To overcome these challenges, Druva decided to adopt attribute-based instance type selection (ABS) with its Auto Scaling groups. In this post, we will walk you through the cost optimization journey of Druva using Spot instances with Auto Scaling groups, challenges faced by them during this journey, and how ABS came to the rescue in addressing those challenges in optimizing costs.

Druva SaaS Platform Architecture on AWS

Druva’s SaaS platform provides services like data backup and restore, disaster recovery as a service (DRaaS), proactive compliance, and metadata search, as well as anomaly engine and event services for various data centers, endpoints, and cloud services.

Druva customers use the Druva Data Resiliency Cloud’s (DRC) Druva Cloud Platform (DCP) as an admin portal, which is a single pane of access for accessing these services.

Figure 1 – Druva Data Resiliency Cloud on AWS (control and data plane).

Druva’s platform control plane is in a virtual private cloud (VPC) in a single AWS region (us-east-1) hosting the control plane services, while the data plane services are hosted in storage VPCs deployed across 18 different AWS regions close to its end users and customers.

In this control plane, containerized services including a session manager service and scaling service are running with Amazon ECS tasks on EC2 nodes in an ECS cluster.

All of the customer endpoints connect to a single regional endpoint (“cloud.druva.com”) in the control plane region.
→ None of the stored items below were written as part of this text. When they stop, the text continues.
lemma packing_measure_eq_top:
  fixes \<nu> :: "'a::euclidean_space measure"
  assumes \<nu>: "sets \<nu> = sets borel" and "Y \<subseteq> S"
    and Y: "\<And>N. N \<in> null_sets \<nu> \<Longrightarrow> \<not> Y \<subseteq> N"
    and density: "\<And>y. y \<in> Y \<Longrightarrow> lower_density_zero \<nu> s y"
  shows "packing_measure s S = \<top>"
  unfolding packing_measure_def
proof (rule INF_eq_const)
  fix Es :: "nat \<Rightarrow> 'a set" assume Es: "Es \<in> {Es. S \<subseteq> (\<Union>i. Es i)}"
  have "\<exists>i. \<forall>N\<in>null_sets \<nu>. \<not> Es i \<inter> Y \<subseteq> N"
  proof (rule ccontr)
    assume "\<not> ?thesis"
    then have "\<forall>i. \<exists>N. N \<in> null_sets \<nu> \<and> Es i \<inter> Y \<subseteq> N"
      by blast
    then obtain N where N: "\<And>i. N i \<in> null_sets \<nu>" "\<And>i. Es i \<inter> Y \<subseteq> N i"
      by metis
    have "(\<Union>i. N i) \<in> null_sets \<nu>"
      using N(1) by blast
    moreover have "Y \<subseteq> (\<Union>i. N i)"
      using Es \<open>Y \<subseteq> S\<close> N(2) by blast
    ultimately show False
      using Y by blast
  qed
  then obtain i where "\<And>N. N \<in> null_sets \<nu> \<Longrightarrow> \<not> Es i \<inter> Y \<subseteq> N"
    by blast
  then obtain c where "0 < c" "\<And>B. B \<in> sets borel \<Longrightarrow> Es i \<inter> Y \<subseteq> B \<Longrightarrow> ennreal c \<le> emeasure \<nu> B"
    using borel_covers_measure_lower_bound[OF \<nu>, of "Es i \<inter> Y"] by blast
  then have "packing_premeasure s (Es i) = \<top>"
    using density by (intro packing_premeasure_eq_top[OF \<nu>, of c "Es i \<inter> Y"]) auto
  then show "(\<Sum>i. packing_premeasure s (Es i)) = \<top>"
    using ennreal_suminf_lessD[of "\<lambda>i. packing_premeasure s (Es i)" \<top> i] top.not_eq_extremum
    by blast
next
  show "{Es. S \<subseteq> (\<Union>i. Es i)} \<noteq> {}"
    by (auto intro: exI[of _ "\<lambda>_. S"])
qed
Customer endpoints get the configurations from the control plane region, and then clients execute their data backup and restore operations to the region closest to them—that is where all data transfer occurs. This ensures low latency and lower cost of data transfer in these operations.

Session manager service takes care of spinning up ECS tasks for backup and restore jobs in the storage service nodes in Druva’s data plane. Storage service nodes run in ECS clusters, in a region close to the client’s request. Session manager also takes care of tracking and health management of jobs and replacing unhealthy tasks.

Session manager service also manages capacity of the storage service nodes with the help of a scaling service and maintains the required capacity to complete storage service tasks. Storage service nodes run on Spot instances with Auto Scaling groups in ECS clusters in Druva’s data plane.

Cost Optimization Journey: Reserved Instances to EC2 Spot

Druva had initially relied on a mix of up to 80% Amazon EC2 Reserved Instances, 10% On-Demand Instances, and very few Spot instances.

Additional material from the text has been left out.